--- Given records ---
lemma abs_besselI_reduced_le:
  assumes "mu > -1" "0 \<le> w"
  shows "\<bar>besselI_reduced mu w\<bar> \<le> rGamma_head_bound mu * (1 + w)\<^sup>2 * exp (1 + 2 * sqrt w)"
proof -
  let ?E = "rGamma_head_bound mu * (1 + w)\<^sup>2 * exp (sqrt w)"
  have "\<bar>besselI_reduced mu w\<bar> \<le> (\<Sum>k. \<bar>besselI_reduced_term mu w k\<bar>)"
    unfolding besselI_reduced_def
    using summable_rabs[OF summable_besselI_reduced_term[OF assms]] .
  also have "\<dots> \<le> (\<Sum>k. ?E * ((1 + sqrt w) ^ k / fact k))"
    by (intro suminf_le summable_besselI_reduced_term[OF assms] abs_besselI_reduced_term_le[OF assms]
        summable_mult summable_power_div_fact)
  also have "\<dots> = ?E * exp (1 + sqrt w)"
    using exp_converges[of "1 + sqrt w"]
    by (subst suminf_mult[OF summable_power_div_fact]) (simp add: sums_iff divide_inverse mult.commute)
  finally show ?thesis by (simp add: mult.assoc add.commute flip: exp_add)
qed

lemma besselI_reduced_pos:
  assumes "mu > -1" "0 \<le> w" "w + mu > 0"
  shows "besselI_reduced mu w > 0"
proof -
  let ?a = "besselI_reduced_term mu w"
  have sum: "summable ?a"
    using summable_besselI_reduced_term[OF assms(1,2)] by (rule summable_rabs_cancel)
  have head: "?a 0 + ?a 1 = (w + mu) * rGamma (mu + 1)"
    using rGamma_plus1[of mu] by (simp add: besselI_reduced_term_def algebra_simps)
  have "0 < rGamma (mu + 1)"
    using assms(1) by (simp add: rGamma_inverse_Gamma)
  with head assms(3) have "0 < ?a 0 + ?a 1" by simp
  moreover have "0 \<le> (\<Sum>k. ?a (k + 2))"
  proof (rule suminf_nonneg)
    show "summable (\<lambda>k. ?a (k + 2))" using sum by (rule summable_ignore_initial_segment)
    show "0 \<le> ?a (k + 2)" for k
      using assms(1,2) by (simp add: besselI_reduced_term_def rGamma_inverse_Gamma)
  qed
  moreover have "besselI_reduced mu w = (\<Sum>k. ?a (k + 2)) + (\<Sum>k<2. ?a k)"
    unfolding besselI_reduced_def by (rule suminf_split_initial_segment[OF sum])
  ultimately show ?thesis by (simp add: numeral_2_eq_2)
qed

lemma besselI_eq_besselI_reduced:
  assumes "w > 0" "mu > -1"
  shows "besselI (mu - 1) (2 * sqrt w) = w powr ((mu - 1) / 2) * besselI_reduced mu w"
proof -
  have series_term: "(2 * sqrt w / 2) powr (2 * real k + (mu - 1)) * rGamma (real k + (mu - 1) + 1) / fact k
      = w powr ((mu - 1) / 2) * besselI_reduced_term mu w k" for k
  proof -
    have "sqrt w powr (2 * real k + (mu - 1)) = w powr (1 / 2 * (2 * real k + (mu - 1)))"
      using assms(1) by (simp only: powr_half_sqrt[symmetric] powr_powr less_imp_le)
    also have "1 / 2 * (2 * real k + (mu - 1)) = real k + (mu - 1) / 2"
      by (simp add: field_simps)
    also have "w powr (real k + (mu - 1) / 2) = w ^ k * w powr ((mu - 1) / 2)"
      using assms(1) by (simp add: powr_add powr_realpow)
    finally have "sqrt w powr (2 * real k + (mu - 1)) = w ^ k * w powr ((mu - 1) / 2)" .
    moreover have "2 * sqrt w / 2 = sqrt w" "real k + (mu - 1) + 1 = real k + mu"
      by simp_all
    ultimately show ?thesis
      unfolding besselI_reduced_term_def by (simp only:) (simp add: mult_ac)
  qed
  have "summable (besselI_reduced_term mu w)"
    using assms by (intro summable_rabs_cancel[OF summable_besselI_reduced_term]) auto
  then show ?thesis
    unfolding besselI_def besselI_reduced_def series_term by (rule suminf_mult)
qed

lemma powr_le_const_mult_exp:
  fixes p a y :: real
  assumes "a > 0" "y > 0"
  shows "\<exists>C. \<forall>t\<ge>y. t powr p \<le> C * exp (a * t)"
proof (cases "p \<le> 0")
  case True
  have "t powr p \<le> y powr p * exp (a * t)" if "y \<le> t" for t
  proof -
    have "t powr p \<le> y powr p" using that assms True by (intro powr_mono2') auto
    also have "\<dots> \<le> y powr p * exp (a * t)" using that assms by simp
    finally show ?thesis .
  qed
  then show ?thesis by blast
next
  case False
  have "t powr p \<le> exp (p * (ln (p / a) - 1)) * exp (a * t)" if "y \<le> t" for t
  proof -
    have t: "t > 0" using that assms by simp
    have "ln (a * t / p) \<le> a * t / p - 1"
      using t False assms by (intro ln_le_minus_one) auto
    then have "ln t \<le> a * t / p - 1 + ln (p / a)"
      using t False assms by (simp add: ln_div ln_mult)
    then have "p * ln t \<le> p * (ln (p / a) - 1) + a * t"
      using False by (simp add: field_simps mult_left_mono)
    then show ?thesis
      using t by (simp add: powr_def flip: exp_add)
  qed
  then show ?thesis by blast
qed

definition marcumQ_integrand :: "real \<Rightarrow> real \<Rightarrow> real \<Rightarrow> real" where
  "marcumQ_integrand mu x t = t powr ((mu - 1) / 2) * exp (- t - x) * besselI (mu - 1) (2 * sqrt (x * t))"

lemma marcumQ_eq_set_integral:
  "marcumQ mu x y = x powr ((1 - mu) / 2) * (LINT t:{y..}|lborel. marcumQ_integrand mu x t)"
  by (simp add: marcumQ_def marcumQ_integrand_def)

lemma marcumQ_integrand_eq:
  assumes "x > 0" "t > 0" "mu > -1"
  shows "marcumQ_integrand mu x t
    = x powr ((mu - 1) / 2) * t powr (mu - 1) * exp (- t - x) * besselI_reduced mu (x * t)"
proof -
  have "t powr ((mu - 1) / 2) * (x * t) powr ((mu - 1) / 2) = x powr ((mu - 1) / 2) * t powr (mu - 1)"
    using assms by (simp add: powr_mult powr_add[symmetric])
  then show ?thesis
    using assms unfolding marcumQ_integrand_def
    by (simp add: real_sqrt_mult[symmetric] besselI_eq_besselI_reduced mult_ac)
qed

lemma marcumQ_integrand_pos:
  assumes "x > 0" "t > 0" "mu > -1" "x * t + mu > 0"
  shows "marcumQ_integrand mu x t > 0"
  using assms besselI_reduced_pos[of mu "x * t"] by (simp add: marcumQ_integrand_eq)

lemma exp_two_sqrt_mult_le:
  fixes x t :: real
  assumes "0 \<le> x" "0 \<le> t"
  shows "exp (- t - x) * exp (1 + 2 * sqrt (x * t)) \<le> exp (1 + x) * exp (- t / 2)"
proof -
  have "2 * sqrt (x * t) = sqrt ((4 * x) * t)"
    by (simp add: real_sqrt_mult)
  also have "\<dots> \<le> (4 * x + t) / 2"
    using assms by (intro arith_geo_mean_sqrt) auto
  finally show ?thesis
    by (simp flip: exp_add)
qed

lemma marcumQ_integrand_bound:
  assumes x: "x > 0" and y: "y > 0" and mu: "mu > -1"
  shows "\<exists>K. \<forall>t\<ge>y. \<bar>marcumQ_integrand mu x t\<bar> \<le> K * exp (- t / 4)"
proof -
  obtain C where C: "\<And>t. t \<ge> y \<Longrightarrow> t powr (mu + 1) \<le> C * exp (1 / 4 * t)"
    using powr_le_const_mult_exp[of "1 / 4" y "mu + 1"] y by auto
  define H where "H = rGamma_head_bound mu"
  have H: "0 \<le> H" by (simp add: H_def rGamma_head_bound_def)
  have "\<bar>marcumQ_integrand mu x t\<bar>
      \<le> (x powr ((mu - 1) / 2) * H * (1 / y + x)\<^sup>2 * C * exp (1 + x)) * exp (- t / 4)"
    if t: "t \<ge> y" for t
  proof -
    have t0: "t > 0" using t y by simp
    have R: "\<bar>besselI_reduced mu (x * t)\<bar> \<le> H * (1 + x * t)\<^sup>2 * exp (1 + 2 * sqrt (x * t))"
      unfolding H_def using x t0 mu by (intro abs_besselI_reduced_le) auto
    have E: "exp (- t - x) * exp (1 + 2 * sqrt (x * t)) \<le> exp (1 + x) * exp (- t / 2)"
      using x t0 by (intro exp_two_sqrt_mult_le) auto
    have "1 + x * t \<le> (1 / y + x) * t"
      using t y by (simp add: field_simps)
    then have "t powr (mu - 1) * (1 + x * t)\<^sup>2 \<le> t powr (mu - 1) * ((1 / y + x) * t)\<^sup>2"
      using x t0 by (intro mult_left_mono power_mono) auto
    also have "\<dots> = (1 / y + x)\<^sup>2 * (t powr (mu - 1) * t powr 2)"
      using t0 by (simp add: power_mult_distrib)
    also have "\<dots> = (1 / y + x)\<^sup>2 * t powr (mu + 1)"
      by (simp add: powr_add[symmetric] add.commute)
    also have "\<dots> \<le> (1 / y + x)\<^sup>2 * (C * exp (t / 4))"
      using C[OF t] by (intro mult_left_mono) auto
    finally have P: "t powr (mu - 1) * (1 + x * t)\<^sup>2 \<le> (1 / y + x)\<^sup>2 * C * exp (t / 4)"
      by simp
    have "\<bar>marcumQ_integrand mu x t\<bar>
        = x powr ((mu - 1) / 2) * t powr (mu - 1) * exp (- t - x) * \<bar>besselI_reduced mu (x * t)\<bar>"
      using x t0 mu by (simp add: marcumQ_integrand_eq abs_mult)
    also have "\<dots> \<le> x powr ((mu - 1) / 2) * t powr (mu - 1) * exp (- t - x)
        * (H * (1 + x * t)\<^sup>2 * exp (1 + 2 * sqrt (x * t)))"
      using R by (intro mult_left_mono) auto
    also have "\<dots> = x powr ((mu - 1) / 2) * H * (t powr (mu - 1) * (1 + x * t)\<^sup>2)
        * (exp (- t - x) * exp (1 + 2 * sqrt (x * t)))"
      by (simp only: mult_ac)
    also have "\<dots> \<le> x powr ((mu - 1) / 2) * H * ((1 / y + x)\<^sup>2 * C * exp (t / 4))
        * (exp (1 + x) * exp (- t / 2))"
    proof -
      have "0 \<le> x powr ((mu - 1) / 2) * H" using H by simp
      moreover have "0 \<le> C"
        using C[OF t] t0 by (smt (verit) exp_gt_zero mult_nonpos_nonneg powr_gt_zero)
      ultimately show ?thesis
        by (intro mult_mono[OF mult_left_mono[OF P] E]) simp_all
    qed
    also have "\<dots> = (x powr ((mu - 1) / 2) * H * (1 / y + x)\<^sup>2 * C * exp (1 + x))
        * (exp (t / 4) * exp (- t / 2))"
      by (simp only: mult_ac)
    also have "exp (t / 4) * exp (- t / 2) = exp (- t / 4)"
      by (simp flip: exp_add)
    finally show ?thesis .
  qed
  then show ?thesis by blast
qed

--- Required work ---
Where a line in the records above holds the string "False", it counts toward the total; give that total alone.

--- Answer to the problem ---
4